lemma history_ratio_sum_le_kappa:
  assumes game: "game_structure X H depth A par" and "policy X A \<mu>s" "policy X A \<mu>" "x \<in> X"
  shows "(\<Sum>x'\<in>{x'\<in>X. in_history par depth x x'}. \<Sum>a'\<in>A x'.
            mu_from par depth \<mu> x x' a' / mu_from par depth \<mu>s x x' a') \<le> kappa X A depth par \<mu>s x"
  unfolding kappa_def
proof (rule cSup_upper)
  have "mu_from par depth \<nu> x x' a' / mu_from par depth \<mu>s x x' a' \<le> 1 / mu_from par depth \<mu>s x x' a'"
    if "policy X A \<nu>" "x' \<in> X" for \<nu> x' a'
    using mu_from_bounds[OF game _ \<open>x \<in> X\<close> \<open>x' \<in> X\<close>] that(1) assms(2) by (simp add: divide_right_mono)
  then show "bdd_above ((\<lambda>\<mu>. \<Sum>x'\<in>{x'\<in>X. in_history par depth x x'}. \<Sum>a'\<in>A x'.
            mu_from par depth \<mu> x x' a' / mu_from par depth \<mu>s x x' a') ` {\<mu>. policy X A \<mu>})"
    by (intro bdd_aboveI2[where M = "\<Sum>x'\<in>{x'\<in>X. in_history par depth x x'}. \<Sum>a'\<in>A x'.
            1 / mu_from par depth \<mu>s x x' a'"] sum_mono) auto
qed (use assms(3) in blast)

lemma hpair_trajectory:
  assumes "trajectory X H depth A par x a" "j \<le> H"
  shows "k < j \<Longrightarrow> hpair par k (x j, a j) = (x (j - k), a (j - k))"
proof (induction k)
  case (Suc k)
  have "j - Suc k \<in> {1..H}" "j - Suc k < H" using assms(2) Suc.prems by auto
  then have "par (x (Suc (j - Suc k))) = Some (x (j - Suc k), a (j - Suc k))"
    using assms(1) unfolding trajectory_def by blast
  moreover have "Suc (j - Suc k) = j - k" using Suc.prems by simp
  ultimately show ?case using Suc by (simp add: hpair_Suc hstep_def)
qed (simp add: hpair_def)

lemma mu_from_trajectory:
  assumes traj: "trajectory X H depth A par x a" and "1 \<le> h" "h \<le> j" "j \<le> H"
  shows "mu_from par depth \<nu> (x h) (x j) (a j) = (\<Prod>l\<in>{h..j}. \<nu> (x l) (a l))"
proof -
  have "depth (x i) = i" if "i \<in> {1..H}" for i using traj that by (simp add: trajectory_def)
  then have "mu_from par depth \<nu> (x h) (x j) (a j) = (\<Prod>k\<in>{0..j - h}. \<nu> (x (j - k)) (a (j - k)))"
    unfolding mu_from_def using assms hpair_trajectory[OF traj \<open>j \<le> H\<close>] by (auto intro!: prod.cong)
  also have "\<dots> = (\<Prod>l\<in>{h..j}. \<nu> (x l) (a l))"
    by (rule prod.reindex_bij_witness[of _ "\<lambda>l. j - l" "\<lambda>k. j - k"]) (use assms in auto)
  finally show ?thesis .
qed

lemma trajectory_sum_le_subtree_sum:
  fixes f :: "'x \<Rightarrow> 'a \<Rightarrow> 'b::ordered_comm_monoid_add"
  assumes game: "game_structure X H depth A par" and traj: "trajectory X H depth A par x a"
    and h: "h \<in> {1..H}" and nonneg: "\<And>x' a'. x' \<in> X \<Longrightarrow> 0 \<le> f x' a'"
  shows "(\<Sum>j\<in>{h..H}. f (x j) (a j)) \<le> (\<Sum>x'\<in>{x'\<in>X. in_history par depth (x h) x'}. \<Sum>a'\<in>A x'. f x' a')"
proof -
  define S where "S = Sigma {x'\<in>X. in_history par depth (x h) x'} A"
  have xj: "x j \<in> X" "depth (x j) = j" "a j \<in> A (x j)" if "j \<in> {h..H}" for j
    using traj that h by (auto simp: trajectory_def)
  have "in_history par depth (x h) (x j)" if j: "j \<in> {h..H}" for j
  proof -
    have "j - h < depth (x j)" "fst (hpair par (j - h) (x j, a j)) = x h"
      using hpair_trajectory[OF traj, of j "j - h"] xj j h by auto
    then show ?thesis unfolding in_history_def by blast
  qed
  then have sub: "(\<lambda>j. (x j, a j)) ` {h..H} \<subseteq> S" using xj by (auto simp: S_def)
  have inj: "inj_on (\<lambda>j. (x j, a j)) {h..H}"
  proof (rule inj_onI)
    fix i j assume "i \<in> {h..H}" "j \<in> {h..H}" "(x i, a i) = (x j, a j)"
    then show "i = j" using xj(2) by (metis fst_conv)
  qed
  have fin: "finite S" using game by (auto simp: S_def game_structure_def)
  have "(\<Sum>j\<in>{h..H}. f (x j) (a j)) = (\<Sum>(x', a')\<in>(\<lambda>j. (x j, a j)) ` {h..H}. f x' a')"
    by (simp add: sum.reindex[OF inj])
  also have "\<dots> \<le> (\<Sum>(x', a')\<in>S. f x' a')"
    by (rule sum_mono2[OF fin sub]) (auto simp: S_def nonneg)
  also have "\<dots> = (\<Sum>x'\<in>{x'\<in>X. in_history par depth (x h) x'}. \<Sum>a'\<in>A x'. f x' a')"
    using game unfolding S_def by (subst sum.Sigma) (auto simp: game_structure_def)
  finally show ?thesis .
qed

lemma policy_fix_action:
  assumes "policy X A \<mu>" "b \<in> A y" "finite (A y)"
  shows "policy X A (\<mu>(y := (\<lambda>c. if c = b then 1 else 0)))"
  using assms by (auto simp: policy_def prob_simplex_def)

lemma trajectory_ratio_le_kappa:
  assumes game: "game_structure X H depth A par" and "policy X A \<mu>s" "policy X A \<mu>"
    and traj: "trajectory X H depth A par x a" and h: "h \<in> {1..H}"
  shows "(\<Sum>j\<in>{h..H}. (\<Prod>l\<in>{Suc h..j}. \<mu> (x l) (a l)) / (\<Prod>l\<in>{h..j}. \<mu>s (x l) (a l)))
           \<le> kappa X A depth par \<mu>s (x h)"
proof -
  define \<nu> where "\<nu> = \<mu>(x h := (\<lambda>c. if c = a h then 1 else 0))"
  have xl: "x l \<in> X" "depth (x l) = l" "a l \<in> A (x l)" if "l \<in> {1..H}" for l
    using traj that by (auto simp: trajectory_def)
  have xh: "x h \<in> X" using xl h by blast
  have \<nu>: "policy X A \<nu>"
    unfolding \<nu>_def using game xl h assms(3) by (intro policy_fix_action) (auto simp: game_structure_def)
  have "(\<Prod>l\<in>{Suc h..j}. \<mu> (x l) (a l)) = mu_from par depth \<nu> (x h) (x j) (a j)"
    and "(\<Prod>l\<in>{h..j}. \<mu>s (x l) (a l)) = mu_from par depth \<mu>s (x h) (x j) (a j)"
    if j: "j \<in> {h..H}" for j
  proof -
    have "x l \<noteq> x h" if "l \<in> {Suc h..j}" for l
      using xl(2)[of l] xl(2)[of h] that j h by auto
    then have "(\<Prod>l\<in>{Suc h..j}. \<mu> (x l) (a l)) = (\<Prod>l\<in>{h..j}. \<nu> (x l) (a l))"
      using j by (simp add: prod.atLeast_Suc_atMost \<nu>_def)
    then show "(\<Prod>l\<in>{Suc h..j}. \<mu> (x l) (a l)) = mu_from par depth \<nu> (x h) (x j) (a j)"
      using mu_from_trajectory[OF traj] j h by simp
    show "(\<Prod>l\<in>{h..j}. \<mu>s (x l) (a l)) = mu_from par depth \<mu>s (x h) (x j) (a j)"
      using mu_from_trajectory[OF traj] j h by simp
  qed
  then have "(\<Sum>j\<in>{h..H}. (\<Prod>l\<in>{Suc h..j}. \<mu> (x l) (a l)) / (\<Prod>l\<in>{h..j}. \<mu>s (x l) (a l)))
      = (\<Sum>j\<in>{h..H}. mu_from par depth \<nu> (x h) (x j) (a j) / mu_from par depth \<mu>s (x h) (x j) (a j))"
    by simp
  also have "\<dots> \<le> (\<Sum>x'\<in>{x'\<in>X. in_history par depth (x h) x'}. \<Sum>a'\<in>A x'.
                 mu_from par depth \<nu> (x h) x' a' / mu_from par depth \<mu>s (x h) x' a')"
    using mu_from_bounds[OF game \<nu> xh] mu_from_bounds[OF game assms(2) xh]
    by (intro trajectory_sum_le_subtree_sum[OF game traj h]) simp
  also have "\<dots> \<le> kappa X A depth par \<mu>s (x h)"
    by (rule history_ratio_sum_le_kappa[OF game assms(2) \<nu> xh])
  finally show ?thesis .
qed

lemma norm_simplex_le_1:
  fixes p :: "'a::finite \<Rightarrow> real"
  assumes "p \<in> prob_simplex A"
  shows "norm (vec_lambda p) \<le> 1"
proof -
  have "norm (vec_lambda p) \<le> (\<Sum>i\<in>UNIV. \<bar>p i\<bar>)" using norm_le_l1_cart[of "vec_lambda p"] by simp
  also have "\<dots> = sum p A"
    using assms by (intro sum.mono_neutral_cong_right) (auto simp: prob_simplex_def)
  finally show ?thesis using assms by (simp add: prob_simplex_def)
qed

lemma simplex_eq_sum_axis:
  fixes p :: "'a::finite \<Rightarrow> real"
  assumes "p \<in> prob_simplex A"
  shows "vec_lambda p = (\<Sum>a\<in>A. p a *\<^sub>R axis a 1)"
  using assms by (auto simp: vec_eq_iff sum_component axis_def prob_simplex_def if_distrib
      sum.delta' cong: if_cong)

lemma convex_on_simplex_le:
  fixes p :: "'a::finite \<Rightarrow> real"
  assumes cvx: "convex_on C Psi" and sub: "vec_lambda ` prob_simplex A \<subseteq> C"
    and p: "p \<in> prob_simplex A"
  shows "Psi (vec_lambda p) \<le> (\<Sum>a\<in>A. \<bar>Psi (axis a 1)\<bar>)"
proof -
  have "axis a 1 \<in> C" if "a \<in> A" for a
  proof -
    have "(\<lambda>b. if b = a then 1 else 0) \<in> prob_simplex A" using that by (auto simp: prob_simplex_def)
    then show ?thesis using sub by (force simp: axis_def)
  qed
  moreover have "A \<noteq> {}" using p by (auto simp: prob_simplex_def)
  ultimately have "Psi (vec_lambda p) \<le> (\<Sum>a\<in>A. p a * Psi (axis a 1))"
    unfolding simplex_eq_sum_axis[OF p] using p
    by (intro convex_on_sum[OF _ _ cvx]) (auto simp: prob_simplex_def)
  also have "\<dots> \<le> (\<Sum>a\<in>A. \<bar>Psi (axis a 1)\<bar>)"
  proof (intro sum_mono)
    fix a
    have "0 \<le> p a" "p a \<le> 1" using prob_simplex_bounds[OF p] by auto
    then have "p a * Psi (axis a 1) \<le> p a * \<bar>Psi (axis a 1)\<bar>" by (simp add: mult_left_mono)
    also have "\<dots> \<le> \<bar>Psi (axis a 1)\<bar>" using \<open>0 \<le> p a\<close> \<open>p a \<le> 1\<close> by (intro mult_left_le_one_le) auto
    finally show "p a * Psi (axis a 1) \<le> \<bar>Psi (axis a 1)\<bar>" .
  qed
  finally show ?thesis .
qed

lemma bregman_simplex_le:
  fixes p :: "'a::finite \<Rightarrow> real"
  assumes "convex_on C Psi" "vec_lambda ` prob_simplex A \<subseteq> C"
    and "p \<in> prob_simplex A" "m \<in> prob_simplex A"
  shows "bregman Psi grad (vec_lambda p) (vec_lambda m) \<le>
     (\<Sum>a\<in>A. \<bar>Psi (axis a 1)\<bar>) + \<bar>Psi (vec_lambda m)\<bar> + 2 * norm (grad (vec_lambda m))"
proof -
  have "norm (vec_lambda m - vec_lambda p) \<le> 2"
    using norm_simplex_le_1[OF assms(3)] norm_simplex_le_1[OF assms(4)]
      norm_triangle_ineq4[of "vec_lambda m" "vec_lambda p"] by linarith
  have "- (grad (vec_lambda m) \<bullet> (vec_lambda p - vec_lambda m))
          = grad (vec_lambda m) \<bullet> (vec_lambda m - vec_lambda p)"
    by (simp add: inner_diff_right)
  also have "\<dots> \<le> norm (grad (vec_lambda m)) * norm (vec_lambda m - vec_lambda p)"
    by (rule norm_cauchy_schwarz)
  also have "\<dots> \<le> norm (grad (vec_lambda m)) * 2"
    using \<open>norm (vec_lambda m - vec_lambda p) \<le> 2\<close> by (simp add: mult_left_mono)
  finally have "- (grad (vec_lambda m) \<bullet> (vec_lambda p - vec_lambda m)) \<le> norm (grad (vec_lambda m)) * 2" .
  moreover have "Psi (vec_lambda p) \<le> (\<Sum>a\<in>A. \<bar>Psi (axis a 1)\<bar>)"
    using assms(1-3) by (rule convex_on_simplex_le)
  ultimately show ?thesis unfolding bregman_def by linarith
qed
______________________________
→ **Description of the task**:
Reproduce verbatim only the segment of the listing bounded by the line containing "using hpair_trajectory[OF traj, of" and the line containing "simp: S_def game_structure_def)", with both boundary lines included.

→ **Solution for this task**:
      using hpair_trajectory[OF traj, of j "j - h"] xj j h by auto
    then show ?thesis unfolding in_history_def by blast
  qed
  then have sub: "(\<lambda>j. (x j, a j)) ` {h..H} \<subseteq> S" using xj by (auto simp: S_def)
  have inj: "inj_on (\<lambda>j. (x j, a j)) {h..H}"
  proof (rule inj_onI)
    fix i j assume "i \<in> {h..H}" "j \<in> {h..H}" "(x i, a i) = (x j, a j)"
    then show "i = j" using xj(2) by (metis fst_conv)
  qed
  have fin: "finite S" using game by (auto simp: S_def game_structure_def)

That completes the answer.